Segundo Eliana, essa atitude dos pais pode passar uma impressão negativa para o recrutador.
“Acaba-se questionando o grau de independência e confiança que esses pais dão para seus filhos e cria-se receio de que o profissional não conseguirá lidar com a responsabilidade do trabalho.”
A experiência profissional de um parente também é usada como argumento para a presença deles.
O que acontece
Superproteção
Os motivos dados pelos pais que vão às entrevistas de emprego dos filhos na intenção de participar são, segundo os recrutadores, relacionados não só aos jovens, mas também à insegurança dos próprios pais.
Se por um lado a geração Z é taxada de “mimada e desmotivada”, por outro os pais de jovens dessa geração, que estão nas gerações X e Millenial, são considerados superprotetores.
E o que leva à isso?
Recrutadores relatam que os pais afirmam acreditar que estão ajudando seus filhos, fornecendo suporte e orientação durante o processo de entrevista. Eles podem se preocupar com o desempenho do candidato e querer garantir que eles tenham a melhor chance possível de conseguir o emprego.
Outro fator relatado por recrutadores é a segurança, principalmente no caso de filhas mulheres. Há pais que demonstram medo da possibilidade de os filhos caírem em um golpe ou que sejam sequestrados, por exemplo.
Presença não solicitada
Além das entrevistas presenciais, o problema também ocorre em entrevistas online.
Muitos recrutadores têm testemunhado a presença não solicitada dos pais durante as entrevistas de emprego via Zoom.
Os recrutadores compartilharam suas experiências, revelando que, em alguns casos, os pais estavam presentes no mesmo ambiente físico que o candidato. Inclusive, às vezes, até mesmo sentados ao lado deles.
Em outros casos os pais estavam visíveis na tela do Zoom, como se estivessem supervisionando ativamente a entrevista.
Essa situação pode gerar desconforto tanto para o candidato quanto para o recrutador, afetando a dinâmica da entrevista.
Problemas de socialização
Um outro efeito colateral dos pais superprotetores para a geração Z é a desconexão social dos jovens.
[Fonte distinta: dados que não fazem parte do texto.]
(* Let $X_1,X_2,\ldots$ be i.i.d. with mean $0$ and variance $1$, $Z_1,Z_2,\ldots$ i.i.d. $N(0,1)$ independent of the $X$'s, and let $G_n\in\mathscr G_n$ with $|E(G_n)|\to\infty$ satisfy the $\Sigma$-co-degree condition for an infinite matrix $\Sigma=((\sigma_{st}))_{s,t\ge1}$. Fix $M$ large enough that $b_M>0$ and let $\bm X_{\infty,M}=(X_{1,M},X_{2,M},\ldots)^\top$. Then, as $n\to\infty$ followed by $K_1,K_2\to\infty$, $U_{13,n,M}\to Q_{1,M}$ in distribution and in all moments, where $Q_{1,M}\sim N(0,\bm X_{\infty,M}^\top\Sigma\bm X_{\infty,M})$. Furthermore, the moment generating function of $Q_{1,M}$ is finite in an open interval containing $0$.
   Context: $\mathscr G_n$: simple undirected graphs on $\{1,\ldots,n\}$ labeled so that degrees satisfy $d_1\ge\cdots\ge d_n$; $A(G_n)=((a_{u,v}))$ adjacency matrix, $E(G_n)$ edge set. $\Sigma$-co-degree condition: for each fixed $s,t\ge1$, $\lim_{n\to\infty}\frac{1}{|E(G_n)|}\sum_{v=1}^na_{s,v}a_{v,t}=\sigma_{st}$. Truncation: $a_M=\mathbb E[X_1\mathbf 1\{|X_1|\le M\}]$, $b_M=\operatorname{Var}[X_1\mathbf 1\{|X_1|\le M\}]$, $X_{u,M}:=b_M^{-1/2}(X_u\mathbf 1\{|X_u|\le M\}-a_M)$. $\bm X_{\infty,M}^\top\Sigma\bm X_{\infty,M}$ denotes the $L^1$-limit as $K\to\infty$ of $\sum_{1\le s,t\le K}\sigma_{st}X_{s,M}X_{t,M}$. For a nonnegative random variable $A$, $N(0,A)$ is the law of $\sqrt A\,W$ with $W\sim N(0,1)$ independent of $A$. For $K_1,K_2\ge1$: $V_1=\{1,\ldots,\lfloor K_1\rfloor\}$, $V_3=\{\lfloor K_2\sqrt{|E(G_n)|}\rfloor+1,\ldots,n\}$, $A_{13}$ is the submatrix of $A(G_n)$ with rows in $V_1$, columns in $V_3$, $\bm X^{(1)}_{n,M}=(X_{u,M})_{u\in V_1}$, $\bm Z^{(3)}_n=(Z_u)_{u\in V_3}$, and $U_{13,n,M}:=\frac{(\bm X^{(1)}_{n,M})^\top A_{13}\bm Z^{(3)}_n}{\sqrt{|E(G_n)|}}$. *)

theory Defs
  imports "HOL-Probability.Probability"
begin

text \<open>Vertices are 1,...,n. adj n u v means that u and v are adjacent in G_n.\<close>

definition simple_graph_on :: "nat \<Rightarrow> (nat \<Rightarrow> nat \<Rightarrow> bool) \<Rightarrow> bool" where
  "simple_graph_on n E \<longleftrightarrow>
     (\<forall>u v. E u v \<longrightarrow> u \<in> {1..n} \<and> v \<in> {1..n}) \<and>
     (\<forall>u v. E u v \<longrightarrow> E v u) \<and> (\<forall>u. \<not> E u u)"

definition degree :: "nat \<Rightarrow> (nat \<Rightarrow> nat \<Rightarrow> bool) \<Rightarrow> nat \<Rightarrow> nat" where
  "degree n E u = card {v \<in> {1..n}. E u v}"

definition in_graph_class :: "nat \<Rightarrow> (nat \<Rightarrow> nat \<Rightarrow> bool) \<Rightarrow> bool" where
  "in_graph_class n E \<longleftrightarrow> simple_graph_on n E \<and>
     (\<forall>u v. 1 \<le> u \<longrightarrow> u \<le> v \<longrightarrow> v \<le> n \<longrightarrow> degree n E v \<le> degree n E u)"

definition num_edges :: "nat \<Rightarrow> (nat \<Rightarrow> nat \<Rightarrow> bool) \<Rightarrow> nat" where
  "num_edges n E = card {(u, v). u \<in> {1..n} \<and> v \<in> {1..n} \<and> u < v \<and> E u v}"

text \<open>Adjacency matrix entry a_{u,v} (0 outside the vertex set).\<close>
definition adj_entry :: "(nat \<Rightarrow> nat \<Rightarrow> bool) \<Rightarrow> nat \<Rightarrow> nat \<Rightarrow> real" where
  "adj_entry E u v = (if E u v then 1 else 0)"

definition codegree_condition :: "(nat \<Rightarrow> nat \<Rightarrow> nat \<Rightarrow> bool) \<Rightarrow> (nat \<Rightarrow> nat \<Rightarrow> real) \<Rightarrow> bool" where
  "codegree_condition G \<sigma> \<longleftrightarrow>
     (\<forall>s t. 1 \<le> s \<longrightarrow> 1 \<le> t \<longrightarrow>
        (\<lambda>n. (\<Sum>v\<in>{1..n}. adj_entry (G n) s v * adj_entry (G n) v t) / real (num_edges n (G n)))
          \<longlonglongrightarrow> \<sigma> s t)"

text \<open>Truncation constants a_M, b_M and the truncated standardized variables X_{u,M}.\<close>
definition trunc_mean :: "'a measure \<Rightarrow> ('a \<Rightarrow> real) \<Rightarrow> real \<Rightarrow> real" where
  "trunc_mean P Y M = prob_space.expectation P (\<lambda>\<omega>. Y \<omega> * indicator {x. \<bar>x\<bar> \<le> M} (Y \<omega>))"

definition trunc_var :: "'a measure \<Rightarrow> ('a \<Rightarrow> real) \<Rightarrow> real \<Rightarrow> real" where
  "trunc_var P Y M = prob_space.variance P (\<lambda>\<omega>. Y \<omega> * indicator {x. \<bar>x\<bar> \<le> M} (Y \<omega>))"

definition XM :: "'a measure \<Rightarrow> (nat \<Rightarrow> 'a \<Rightarrow> real) \<Rightarrow> real \<Rightarrow> nat \<Rightarrow> 'a \<Rightarrow> real" where
  "XM P X M u \<omega> = (X u \<omega> * indicator {x. \<bar>x\<bar> \<le> M} (X u \<omega>) - trunc_mean P (X 1) M)
                     / sqrt (trunc_var P (X 1) M)"

definition U13 :: "'a measure \<Rightarrow> (nat \<Rightarrow> 'a \<Rightarrow> real) \<Rightarrow> (nat \<Rightarrow> 'a \<Rightarrow> real) \<Rightarrow>
    (nat \<Rightarrow> nat \<Rightarrow> nat \<Rightarrow> bool) \<Rightarrow> real \<Rightarrow> nat \<Rightarrow> real \<Rightarrow> real \<Rightarrow> 'a \<Rightarrow> real" where
  "U13 P X Z G M n K1 K2 \<omega> =
     (\<Sum>u\<in>{1..nat \<lfloor>K1\<rfloor>}. \<Sum>v\<in>{nat \<lfloor>K2 * sqrt (real (num_edges n (G n)))\<rfloor> + 1..n}.
        XM P X M u \<omega> * adj_entry (G n) u v * Z v \<omega>) / sqrt (real (num_edges n (G n)))"

definition L1_quad_limit :: "'a measure \<Rightarrow> (nat \<Rightarrow> 'a \<Rightarrow> real) \<Rightarrow> (nat \<Rightarrow> nat \<Rightarrow> real) \<Rightarrow> real \<Rightarrow> ('a \<Rightarrow> real) \<Rightarrow> bool" where
  "L1_quad_limit P X \<sigma> M T \<longleftrightarrow> integrable P T \<and>
     (\<lambda>K. \<integral>\<omega>. \<bar>(\<Sum>s\<in>{1..K}. \<Sum>t\<in>{1..K}. \<sigma> s t * XM P X M s \<omega> * XM P X M t \<omega>) - T \<omega>\<bar> \<partial>P)
       \<longlonglongrightarrow> 0"

text \<open>Standard normal law and the mixture N(0,A): the law of sqrt(A) W, W ~ N(0,1) independent of A.\<close>
definition std_normal_measure :: "real measure" where
  "std_normal_measure = density lborel std_normal_density"

definition normal_mixture :: "'a measure \<Rightarrow> ('a \<Rightarrow> real) \<Rightarrow> real measure" where
  "normal_mixture P A = distr (P \<Otimes>\<^sub>M std_normal_measure) borel (\<lambda>(\<omega>, w). sqrt (A \<omega>) * w)"

end

(*
  Conditionally on the X's, U_{13,n,M} = sum_{v in V_3} c_v Z_v is a centred Gaussian with variance
  V_n = |E|^{-1} sum_{v in V_3} (sum_{u <= K} X_{u,M} a_{uv})^2, so E f(U_{13,n,M}) = E H_f(V_n)
  with H_f(s) = E f(sqrt s W).  Expanding the square, V_n is a quadratic form in X_{1,M},...,X_{K,M}
  whose coefficients are co-degrees restricted to V_3; as only O(sqrt |E|) vertices are missing
  from V_3, the co-degree condition gives V_n -> S_K = sum_{s,t <= K} sigma_st X_{s,M} X_{t,M}
  pointwise as n -> infinity, where K = floor K_1 and K_2 drops out.  The X_{u,M} are orthonormal
  and sum_s sigma_ss <= 2 by the handshake lemma, so (S_K) is Cauchy in L^1, with a limit T >= 0.
  Hoeffding's lemma for the bounded centred X_{u,M}, linearised by a Gaussian integral and averaged
  by Jensen over the neighbourhoods, gives E exp(c V_n) <= sqrt 2 uniformly; by Fatou the same
  holds for S_K and T.  This exponential moment gives the moments and the moment generating
  function of N(0,T) near 0, and, after clipping, lets E H_f(S_K) converge to E H_f(T) for f
  bounded continuous or a power.
*)

theory Submission
  imports Defs
begin

lemma abs_power2_add_diff_le:
  fixes x y e :: real
  assumes "e > 0"
  shows "\<bar>(x + y)\<^sup>2 - x\<^sup>2\<bar> \<le> e * x\<^sup>2 + (1 + 1 / e) * y\<^sup>2"
proof -
  have "0 \<le> (e * \<bar>x\<bar> - \<bar>y\<bar>)\<^sup>2" by simp
  then have "2 * \<bar>x\<bar> * \<bar>y\<bar> \<le> e * x\<^sup>2 + y\<^sup>2 / e"
    using assms by (simp add: field_simps power2_eq_square)
  moreover have "\<bar>(x + y)\<^sup>2 - x\<^sup>2\<bar> \<le> 2 * \<bar>x\<bar> * \<bar>y\<bar> + y\<^sup>2"
  proof -
    have "(x + y)\<^sup>2 - x\<^sup>2 = 2 * x * y + y\<^sup>2" by (simp add: power2_eq_square algebra_simps)
    then show ?thesis by (simp add: abs_mult abs_triangle_ineq[THEN order_trans])
  qed
  ultimately show ?thesis by (simp add: algebra_simps)
qed

lemma power_le_fact_mult_exp:
  fixes y :: real
  assumes "0 \<le> y"
  shows "y ^ k \<le> fact k * exp y"
proof -
  have s: "(\<lambda>n. y ^ n / fact n) sums exp y"
    using exp_converges[of y] by (simp add: divide_inverse scaleR_conv_of_real mult.commute)
  have "sum (\<lambda>n. y ^ n / fact n) {k} \<le> (\<Sum>n. y ^ n / fact n)"
    by (rule sum_le_suminf) (use s assms in \<open>auto simp: sums_iff\<close>)
  then have "y ^ k / fact k \<le> exp y" using s by (simp add: sums_iff)
  then show ?thesis by (simp add: divide_le_eq mult.commute)
qed

lemma abs_sqrt_power_le_exp:
  assumes "c > 0"
  shows "\<bar>sqrt s ^ k\<bar> \<le> (2 / c) ^ k * fact k * exp (c / 2) * exp (c * \<bar>s\<bar> / 2)"
proof -
  define t where "t = sqrt \<bar>s\<bar>"
  have t0: "t \<ge> 0" and t2: "t\<^sup>2 = \<bar>s\<bar>" by (auto simp: t_def)
  have "\<bar>sqrt s ^ k\<bar> = t ^ k"
    by (cases "s \<ge> 0") (auto simp: t_def power_abs real_sqrt_minus)
  also have "\<dots> \<le> (1 + t\<^sup>2) ^ k"
  proof (rule power_mono[OF _ t0])
    have "0 \<le> (t - 1/2)\<^sup>2" by simp
    then show "t \<le> 1 + t\<^sup>2" by (simp add: power2_eq_square algebra_simps)
  qed
  also have "\<dots> = (2 / c) ^ k * (c * (1 + t\<^sup>2) / 2) ^ k"
  proof -
    have "(2 / c) * (c * (1 + t\<^sup>2) / 2) = 1 + t\<^sup>2" using assms by simp
    then show ?thesis by (metis power_mult_distrib)
  qed
  also have "\<dots> \<le> (2 / c) ^ k * (fact k * exp (c * (1 + t\<^sup>2) / 2))"
    using assms t0 by (intro mult_left_mono power_le_fact_mult_exp) auto
  also have "exp (c * (1 + t\<^sup>2) / 2) = exp (c / 2) * exp (c * \<bar>s\<bar> / 2)"
    by (simp add: t2 distrib_left add_divide_distrib exp_add)
  finally show ?thesis by (simp add: mult_ac)
qed

lemma exp_growth_const_nonneg:
  fixes H g :: "real \<Rightarrow> real"
  assumes "\<And>x. \<bar>H x\<bar> \<le> A * exp (g x)"
  shows "0 \<le> A"
proof -
  have "0 \<le> A * exp (g 0)" using assms[of 0] abs_ge_zero order_trans by blast
  then show ?thesis by (simp add: zero_le_mult_iff)
qed

lemma exp_sum_le_subconvex:
  fixes p y :: "'i \<Rightarrow> real"
  assumes "finite V" "\<And>v. v \<in> V \<Longrightarrow> 0 \<le> p v" "sum p V \<le> 1"
  shows "exp (\<Sum>v\<in>V. p v * y v) \<le> (1 - sum p V) + (\<Sum>v\<in>V. p v * exp (y v))"
proof -
  \<comment> \<open>Jensen for the convex combination that puts the missing weight on the point 0.\<close>
  define q where "q = case_option (1 - sum p V) p"
  define z where "z = case_option 0 y"
  have fin: "finite (insert None (Some ` V))" using assms(1) by simp
  have split: "(\<Sum>i\<in>insert None (Some ` V). f i) = f None + (\<Sum>v\<in>V. f (Some v))" for f :: "_ \<Rightarrow> real"
    using assms(1) by (simp add: sum.reindex)
  have "exp (\<Sum>i\<in>insert None (Some ` V). q i * z i) \<le> (\<Sum>i\<in>insert None (Some ` V). q i * exp (z i))"
  proof (rule convex_on_sum[OF fin _ exp_convex, of q z, unfolded real_scaleR_def])
    show "sum q (insert None (Some ` V)) = 1" by (simp add: split q_def)
    show "\<And>i. i \<in> insert None (Some ` V) \<Longrightarrow> 0 \<le> q i"
      using assms by (auto simp: q_def)
  qed simp_all
  then show ?thesis by (simp add: split q_def z_def)
qed

lemma LIMSEQ_subseq_subseqI:
  fixes X :: "nat \<Rightarrow> real"
  assumes "\<And>r :: nat \<Rightarrow> nat. strict_mono r \<Longrightarrow> \<exists>r' :: nat \<Rightarrow> nat. strict_mono r' \<and> (\<lambda>n. X (r (r' n))) \<longlonglongrightarrow> L"
  shows "X \<longlonglongrightarrow> L"
proof (rule ccontr)
  assume "\<not> X \<longlonglongrightarrow> L"
  then obtain e where e: "e > 0" and fr: "\<forall>N. \<exists>n\<ge>N. \<not> dist (X n) L < e"
    unfolding lim_sequentially by blast
  define A where "A = {n. dist (X n) L \<ge> e}"
  have A: "infinite A"
    unfolding infinite_nat_iff_unbounded_le A_def using fr by (auto simp: not_less)
  define r where "r = enumerate A"
  have r: "strict_mono r" unfolding r_def by (rule strict_mono_enumerate[OF A])
  have far: "dist (X (r n)) L \<ge> e" for n
    using enumerate_in_set[OF A, of n] by (simp add: r_def A_def)
  obtain r' where "(\<lambda>n. X (r (r' n))) \<longlonglongrightarrow> L" using assms[OF r] by blast
  then obtain N where "\<forall>n\<ge>N. dist (X (r (r' n))) L < e" using e unfolding lim_sequentially by blast
  then show False using far[of "r' N"] by auto
qed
Recrutadores relatam que os jovens dessa geração tem maior dificuldade em fazer contato visual em entrevistas e em se conectar socialmente com colegas de trabalho.
Uma pesquisa do Grupo Rabbit ouviu 28 mil famílias com filhos em escolas particulares do Brasil, e mostrou que 53% dos jovens tem comportamento passivo nas redes sociais, apenas vendo e escutando, e não interagindo socialmente.
CEO do Grupo Rabbit, Christian Coelho destaca que a interação social tem um impacto significativo na saúde mental.
“Estudos mostram que aqueles que têm dificuldade de se relacionar tendem a apresentar maiores níveis de stress, ansiedade, depressão e agressividade”, detalha Coelho.
Para especialistas da área de recursos humanos e psicologia, a questão é oriunda da infância e da adolescência desses jovens e dos estímulos que os pais lhes deram ao longo desses períodos.
Ou seja, os pais, ao agirem de forma superprotetora, impedindo os filhos de vivenciarem desafios, problemas e perigos do mundo, acabam por formar adultos com dificuldades em tomarem decisões ou agirem tanto na vida pessoal como na profissional.